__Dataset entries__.
§
(* Let $\chi>0$, $\phi\in C^1(\mathbb{R})$ with $\phi'>0$, $\phi(0)>0$, $s>\chi\phi(0)$, $u_-\ge0$, and let $g\in C^1([0,\infty))$ be positive with exactly one $\beta>0$ such that $g'<0$ on $[0,\beta)$ and $g'>0$ on $(\beta,\infty)$; let $g_\infty:=\lim_{V\to\infty}g(V)\in(0,\infty]$. Consider equilibria $(V,0)$, $V\ge0$, of $V'=W$, $W'=-h(W)+g(V)$, $h(W)=\frac{u_-(\chi\phi(0)-s)}{\chi\phi(W)-s}$. (1) If $g_\infty<g(0)$: (i) if $u_-<g(\beta)$ or $u_->g(0)$ there is no equilibrium; (ii) if $u_-=g(\beta)$ or $g_\infty<u_-<g(0)$ there is exactly one equilibrium $E=(v,0)$, with $v\le\beta$, and $E$ is a stable focus, a stable node, or non-hyperbolic; (iii) if $g(\beta)<u_-<g_\infty$ there are exactly two equilibria $E_\pm=(v_\pm,0)$ with $0<v_+<\beta<v_-$, $u_-=g(v_\pm)$, $E_-$ a saddle and $E_+$ a stable focus or stable node. (2) If $g_\infty>g(0)$ (including $g_\infty=+\infty$): (i) if $u_-<g(\beta)$ or $u_-\ge g_\infty$ there is no equilibrium; (ii) if $u_-=g(\beta)$ or $g(0)<u_-<g_\infty$ there is exactly one equilibrium $E=(v,0)$, with $v\ge\beta$, and $E$ is a saddle or non-hyperbolic; (iii) if $g(\beta)<u_-\le g(0)$ there are exactly two equilibria $E_\pm=(v_\pm,0)$ with $0\le v_+<\beta<v_-$, $u_-=g(v_\pm)$, $E_-$ a saddle and $E_+$ a stable focus or stable node. (3) If $g_\infty=g(0)$: (i) if $u_-<g(\beta)$ or $u_->g(0)$ there is no equilibrium; (ii) if $u_-=g(\beta)$ there is exactly one equilibrium $E=(\beta,0)$, and it is non-hyperbolic; (iii) if $g(\beta)<u_-<g(0)$ there are exactly two equilibria $E_\pm=(v_\pm,0)$ with $0<v_+<\beta<v_-$, $u_-=g(v_\pm)$, $E_-$ a saddle and $E_+$ a stable focus or stable node. *)

theory Defs
  imports Complex_Main "HOL-Library.Extended_Real"
begin

definition hfun :: "real \<Rightarrow> real \<Rightarrow> (real \<Rightarrow> real) \<Rightarrow> real \<Rightarrow> real \<Rightarrow> real" where
  "hfun um chi phi s W = um * (chi * phi 0 - s) / (chi * phi W - s)"

definition F1 :: "real \<Rightarrow> real \<Rightarrow> real" where
  "F1 V W = W"

definition F2 :: "(real \<Rightarrow> real) \<Rightarrow> real \<Rightarrow> real \<Rightarrow> (real \<Rightarrow> real) \<Rightarrow> real \<Rightarrow> real \<Rightarrow> real \<Rightarrow> real" where
  "F2 g um chi phi s V W = - hfun um chi phi s W + g V"

definition equilibria :: "(real \<Rightarrow> real \<Rightarrow> real) \<Rightarrow> (real \<Rightarrow> real \<Rightarrow> real) \<Rightarrow> (real \<times> real) set" where
  "equilibria P Q = {(V, W). V \<ge> 0 \<and> P V W = 0 \<and> Q V W = 0}"

text \<open>Jacobian matrix ((a,b),(c,d)) of (P,Q) at (v,w); derivatives in V are taken
  within the phase region V >= 0 (one-sided at V = 0).\<close>
definition has_jacobian_at ::
  "(real \<Rightarrow> real \<Rightarrow> real) \<Rightarrow> (real \<Rightarrow> real \<Rightarrow> real) \<Rightarrow> real \<Rightarrow> real \<Rightarrow> real \<times> real \<times> real \<times> real \<Rightarrow> bool" where
  "has_jacobian_at P Q v w J \<longleftrightarrow>
     (case J of (a, b, c, d) \<Rightarrow>
        ((\<lambda>x. P x w) has_real_derivative a) (at v within {0..}) \<and>
        ((\<lambda>y. P v y) has_real_derivative b) (at w) \<and>
        ((\<lambda>x. Q x w) has_real_derivative c) (at v within {0..}) \<and>
        ((\<lambda>y. Q v y) has_real_derivative d) (at w))"

definition eigs2 :: "real \<times> real \<times> real \<times> real \<Rightarrow> complex set" where
  "eigs2 J = (case J of (a, b, c, d) \<Rightarrow>
     {z. (z - complex_of_real a) * (z - complex_of_real d) - complex_of_real b * complex_of_real c = 0})"

definition saddle_mat :: "real \<times> real \<times> real \<times> real \<Rightarrow> bool" where
  "saddle_mat J \<longleftrightarrow> (\<exists>l1\<in>eigs2 J. \<exists>l2\<in>eigs2 J. Im l1 = 0 \<and> Im l2 = 0 \<and> Re l1 < 0 \<and> 0 < Re l2)"

definition stable_node_mat :: "real \<times> real \<times> real \<times> real \<Rightarrow> bool" where
  "stable_node_mat J \<longleftrightarrow> (\<forall>l\<in>eigs2 J. Im l = 0 \<and> Re l < 0)"

definition stable_focus_mat :: "real \<times> real \<times> real \<times> real \<Rightarrow> bool" where
  "stable_focus_mat J \<longleftrightarrow> (\<forall>l\<in>eigs2 J. Im l \<noteq> 0 \<and> Re l < 0)"

definition nonhyperbolic_mat :: "real \<times> real \<times> real \<times> real \<Rightarrow> bool" where
  "nonhyperbolic_mat J \<longleftrightarrow> (\<exists>l\<in>eigs2 J. Re l = 0)"

definition eq_kind ::
  "(real \<times> real \<times> real \<times> real \<Rightarrow> bool) \<Rightarrow> (real \<Rightarrow> real \<Rightarrow> real) \<Rightarrow> (real \<Rightarrow> real \<Rightarrow> real) \<Rightarrow> real \<times> real \<Rightarrow> bool" where
  "eq_kind K P Q p \<longleftrightarrow> (\<exists>J. has_jacobian_at P Q (fst p) (snd p) J \<and> K J)"

end

theory Submission
  imports Defs
begin

text \<open>Since h(0) = u_-, the equilibria are the points (v, 0) with v \<ge> 0 and g(v) = u_-.
  The function g decreases strictly on [0, beta] and increases strictly on [beta, \<infinity>)
  towards its supremum g_\<infinity>, so u_- is attained once on the left branch if
  g(beta) \<le> u_- \<le> g(0) and once on the right branch if g(beta) < u_- < g_\<infinity>.
  At (v, 0) the Jacobian is the companion matrix ((0, 1), (g'(v), d)) with
  d = -h'(0) < 0 (as u_- = g(v) > 0): its determinant -g'(v) makes the right
  branch saddles, the left branch stable nodes or foci, and v = beta non-hyperbolic.\<close>

section \<open>Companion matrices\<close>

lemma eigs2_companion_iff:
  "z \<in> eigs2 (0, 1, c, d) \<longleftrightarrow>
     (Re z)\<^sup>2 - (Im z)\<^sup>2 - d * Re z - c = 0 \<and> Im z * (2 * Re z - d) = 0"
  by (simp add: eigs2_def complex_eq_iff power2_eq_square algebra_simps)

lemma saddle_mat_companion:
  assumes "c > 0"
  shows "saddle_mat (0, 1, c, d)"
proof -
  define r where "r = sqrt (d\<^sup>2 + 4 * c)"
  have r_sq: "r\<^sup>2 = d\<^sup>2 + 4 * c"
    using assms by (simp add: r_def)
  have "sqrt (d\<^sup>2) < r"
    unfolding r_def using assms by (intro real_sqrt_less_mono) simp
  then have d_r: "\<bar>d\<bar> < r" by simp
  have root: "complex_of_real ((d + e) / 2) \<in> eigs2 (0, 1, c, d)" if "e\<^sup>2 = d\<^sup>2 + 4 * c" for e
    using that by (simp add: eigs2_companion_iff power2_eq_square field_simps)
  have neg_root: "complex_of_real ((d + - r) / 2) \<in> eigs2 (0, 1, c, d)"
    and pos_root: "complex_of_real ((d + r) / 2) \<in> eigs2 (0, 1, c, d)"
    by (rule root, simp add: r_sq)+
  show ?thesis
    unfolding saddle_mat_def using d_r by (intro bexI[OF _ neg_root] bexI[OF _ pos_root]) auto
qed
lemma integral_lborel_translate:
  fixes f :: "'a::euclidean_space \<Rightarrow> real"
  assumes "f \<in> borel_measurable borel"
  shows "(\<integral>p. f (p + c) \<partial>lborel) = (\<integral>p. f p \<partial>lborel)"
  using integral_distr[of "(+) c" lborel borel f] assms by (simp add: lborel_distr_plus add.commute)

lemma integrable_bounded_compact_support:
  fixes f :: "'a::euclidean_space \<Rightarrow> real"
  assumes "f \<in> borel_measurable borel" and "bounded (range f)"
    and "compact K" and "\<forall>p. p \<notin> K \<longrightarrow> f p = 0"
  shows "integrable lborel f"
proof -
  obtain M where M: "\<forall>p. \<bar>f p\<bar> \<le> M" using assms(2) by (auto simp: bounded_iff)
  have "K \<in> sets lborel" using assms(3) by (simp add: compact_imp_closed borel_closed)
  moreover have "emeasure lborel K < \<infinity>"
    by (rule emeasure_bounded_finite[OF compact_imp_bounded[OF assms(3)]])
  ultimately have "integrable lborel (\<lambda>p. M * indicator K p)" by simp
  then show ?thesis
    by (rule Bochner_Integration.integrable_bound)
       (use assms M in \<open>auto simp: indicator_def intro!: AE_I2 order_trans[OF _ abs_ge_self]\<close>)
qed
(* Let $n\ge 3$ and let $\mathcal D_n$ be a minimal DFA with state set $Q_n=\{0,\dots,n-1\}$ and initial state $0$ recognizing a left ideal, and let $T_n$ be its transition semigroup. If $|T_n|=n^{n-1}+n-1$, then $T_n=S_n$.
   Context: A left ideal is a nonempty $L\subseteq\Sigma^*$ with $L=\Sigma^*L$. The transition semigroup of a DFA is the set of transformations $q\mapsto\delta(q,w)$ of its state set induced by nonempty words $w$. Notation: for a transformation $t$, $qt$ is the image of $q$; $(p\to q)$ maps $p$ to $q$ and fixes all other states; $(Q_n\to q)$ is the constant map to $q$; $(p_0,\dots,p_{k-1})$ is the cyclic permutation $p_0\mapsto p_1\mapsto\cdots\mapsto p_{k-1}\mapsto p_0$ fixing all other states. $S_n$ (for $n\ge3$) is the transition semigroup of the DFA $\mathcal W_n$ with states $Q_n$, initial state $0$, final states $\{n-1\}$, alphabet $\{a,b,c,d,e\}$, where $a$ induces $(1,2,\dots,n-1)$, $b$ induces $(1,2)$, $c$ induces $(n-1\to 1)$, $d$ induces $(n-1\to 0)$, and $e$ induces $(Q_n\to 1)$. *)

theory Defs
  imports Main
begin

text \<open>A DFA has state set Q_n = {0..<n}, initial state 0, a finite alphabet Sigma,
a transition function delta (only its values on Q_n x Sigma matter) and final states F.\<close>

definition is_dfa :: "nat \<Rightarrow> 'a set \<Rightarrow> (nat \<Rightarrow> 'a \<Rightarrow> nat) \<Rightarrow> nat set \<Rightarrow> bool" where
  "is_dfa n \<Sigma> \<delta> F \<longleftrightarrow> finite \<Sigma> \<and> (\<forall>q<n. \<forall>a\<in>\<Sigma>. \<delta> q a < n) \<and> F \<subseteq> {..<n}"

definition dfa_lang :: "'a set \<Rightarrow> (nat \<Rightarrow> 'a \<Rightarrow> nat) \<Rightarrow> nat set \<Rightarrow> 'a list set" where
  "dfa_lang \<Sigma> \<delta> F = {w \<in> lists \<Sigma>. foldl \<delta> 0 w \<in> F}"

definition minimal_dfa :: "nat \<Rightarrow> 'a set \<Rightarrow> (nat \<Rightarrow> 'a \<Rightarrow> nat) \<Rightarrow> nat set \<Rightarrow> bool" where
  "minimal_dfa n \<Sigma> \<delta> F \<longleftrightarrow> is_dfa n \<Sigma> \<delta> F
     \<and> (\<forall>q<n. \<exists>w\<in>lists \<Sigma>. foldl \<delta> 0 w = q)
     \<and> (\<forall>p<n. \<forall>q<n. p \<noteq> q \<longrightarrow> (\<exists>w\<in>lists \<Sigma>. (foldl \<delta> p w \<in> F) \<noteq> (foldl \<delta> q w \<in> F)))"

definition left_ideal :: "'a set \<Rightarrow> 'a list set \<Rightarrow> bool" where
  "left_ideal \<Sigma> L \<longleftrightarrow> L \<noteq> {} \<and> L = {u @ v | u v. u \<in> lists \<Sigma> \<and> v \<in> L}"

definition word_trans :: "nat \<Rightarrow> (nat \<Rightarrow> 'a \<Rightarrow> nat) \<Rightarrow> 'a list \<Rightarrow> nat \<Rightarrow> nat" where
  "word_trans n \<delta> w = (\<lambda>q. if q < n then foldl \<delta> q w else q)"

definition trans_semigroup :: "nat \<Rightarrow> 'a set \<Rightarrow> (nat \<Rightarrow> 'a \<Rightarrow> nat) \<Rightarrow> (nat \<Rightarrow> nat) set" where
  "trans_semigroup n \<Sigma> \<delta> = {word_trans n \<delta> w | w. w \<in> lists \<Sigma> \<and> w \<noteq> []}"

datatype wletter = La | Lb | Lc | Ld | Le

text \<open>Transitions of W_n: a = (1,2,...,n-1), b = (1,2), c = (n-1 -> 1), d = (n-1 -> 0), e = (Q_n -> 1).\<close>
fun W_delta :: "nat \<Rightarrow> nat \<Rightarrow> wletter \<Rightarrow> nat" where
  "W_delta n q La = (if q = 0 then 0 else if q = n - 1 then 1 else q + 1)"
| "W_delta n q Lb = (if q = 1 then 2 else if q = 2 then 1 else q)"
| "W_delta n q Lc = (if q = n - 1 then 1 else q)"
| "W_delta n q Ld = (if q = n - 1 then 0 else q)"
| "W_delta n q Le = 1"

definition S :: "nat \<Rightarrow> (nat \<Rightarrow> nat) set" where
  "S n = trans_semigroup n UNIV (W_delta n)"

end

(*
  Order the states by inclusion of their quotients {w. q.w in F}. Minimality makes this a partial
  order, the left-ideal property makes the initial state 0 its least element, and every
  transformation of the DFA is monotone for it. The semigroup S_n consists exactly of the
  n^(n-1) transformations fixing 0 and the n-1 constant maps onto nonzero states.
  If two nonzero states are comparable, an explicit injection of the nonconstant monotone maps
  moving 0 into the non-monotone maps fixing 0, which misses at least one of them, shows that
  fewer than n^(n-1)+n-1 transformations are monotone. So the nonzero states form an antichain;
  then every monotone map fixes 0 or is constant, T_n is contained in S_n, and the cardinality
  hypothesis forces equality.
*)
theory Submission
  imports Defs "HOL-Combinatorics.Permutations"
begin

section \<open>Transformations of \<open>Q\<^sub>n\<close>\<close>

definition is_transf :: "nat \<Rightarrow> (nat \<Rightarrow> nat) \<Rightarrow> bool" where
  "is_transf n f \<longleftrightarrow> (\<forall>q<n. f q < n) \<and> (\<forall>q. n \<le> q \<longrightarrow> f q = q)"

definition fix0_transfs :: "nat \<Rightarrow> (nat \<Rightarrow> nat) set" where
  "fix0_transfs n = {f. is_transf n f \<and> f 0 = 0}"

definition const_transf :: "nat \<Rightarrow> nat \<Rightarrow> nat \<Rightarrow> nat" where
  "const_transf n c = (\<lambda>q. if q < n then c else q)"

definition fix0_or_const :: "nat \<Rightarrow> (nat \<Rightarrow> nat) set" where
  "fix0_or_const n = fix0_transfs n \<union> const_transf n ` {1..<n}"

definition redirect :: "nat \<Rightarrow> nat \<Rightarrow> nat \<Rightarrow> nat" where
  "redirect i j = (\<lambda>q. if q = i then j else q)"

lemma is_transf_upd: "is_transf n f \<Longrightarrow> i < n \<Longrightarrow> j < n \<Longrightarrow> is_transf n (f(i := j))"
  by (auto simp: is_transf_def)

lemma const_transf_eqI:
  assumes "is_transf n f" "c < n" "\<And>q. q < n \<Longrightarrow> f q = c"
  shows "f = const_transf n c"
proof
  fix q show "f q = const_transf n c q"
    using assms by (cases "q < n") (auto simp: is_transf_def const_transf_def)
qed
§
__TASK REQUIREMENTS__. Using the data above, repeat exactly the lines that begin at the line with "Context: A left" and end at the line with "(\<forall>p<n. \<forall>q<n. p", both ends included.

__WRITTEN ANSWER__.
   Context: A left ideal is a nonempty $L\subseteq\Sigma^*$ with $L=\Sigma^*L$. The transition semigroup of a DFA is the set of transformations $q\mapsto\delta(q,w)$ of its state set induced by nonempty words $w$. Notation: for a transformation $t$, $qt$ is the image of $q$; $(p\to q)$ maps $p$ to $q$ and fixes all other states; $(Q_n\to q)$ is the constant map to $q$; $(p_0,\dots,p_{k-1})$ is the cyclic permutation $p_0\mapsto p_1\mapsto\cdots\mapsto p_{k-1}\mapsto p_0$ fixing all other states. $S_n$ (for $n\ge3$) is the transition semigroup of the DFA $\mathcal W_n$ with states $Q_n$, initial state $0$, final states $\{n-1\}$, alphabet $\{a,b,c,d,e\}$, where $a$ induces $(1,2,\dots,n-1)$, $b$ induces $(1,2)$, $c$ induces $(n-1\to 1)$, $d$ induces $(n-1\to 0)$, and $e$ induces $(Q_n\to 1)$. *)

theory Defs
  imports Main
begin

text \<open>A DFA has state set Q_n = {0..<n}, initial state 0, a finite alphabet Sigma,
a transition function delta (only its values on Q_n x Sigma matter) and final states F.\<close>

definition is_dfa :: "nat \<Rightarrow> 'a set \<Rightarrow> (nat \<Rightarrow> 'a \<Rightarrow> nat) \<Rightarrow> nat set \<Rightarrow> bool" where
  "is_dfa n \<Sigma> \<delta> F \<longleftrightarrow> finite \<Sigma> \<and> (\<forall>q<n. \<forall>a\<in>\<Sigma>. \<delta> q a < n) \<and> F \<subseteq> {..<n}"

definition dfa_lang :: "'a set \<Rightarrow> (nat \<Rightarrow> 'a \<Rightarrow> nat) \<Rightarrow> nat set \<Rightarrow> 'a list set" where
  "dfa_lang \<Sigma> \<delta> F = {w \<in> lists \<Sigma>. foldl \<delta> 0 w \<in> F}"

definition minimal_dfa :: "nat \<Rightarrow> 'a set \<Rightarrow> (nat \<Rightarrow> 'a \<Rightarrow> nat) \<Rightarrow> nat set \<Rightarrow> bool" where
  "minimal_dfa n \<Sigma> \<delta> F \<longleftrightarrow> is_dfa n \<Sigma> \<delta> F
     \<and> (\<forall>q<n. \<exists>w\<in>lists \<Sigma>. foldl \<delta> 0 w = q)
     \<and> (\<forall>p<n. \<forall>q<n. p \<noteq> q \<longrightarrow> (\<exists>w\<in>lists \<Sigma>. (foldl \<delta> p w \<in> F) \<noteq> (foldl \<delta> q w \<in> F)))"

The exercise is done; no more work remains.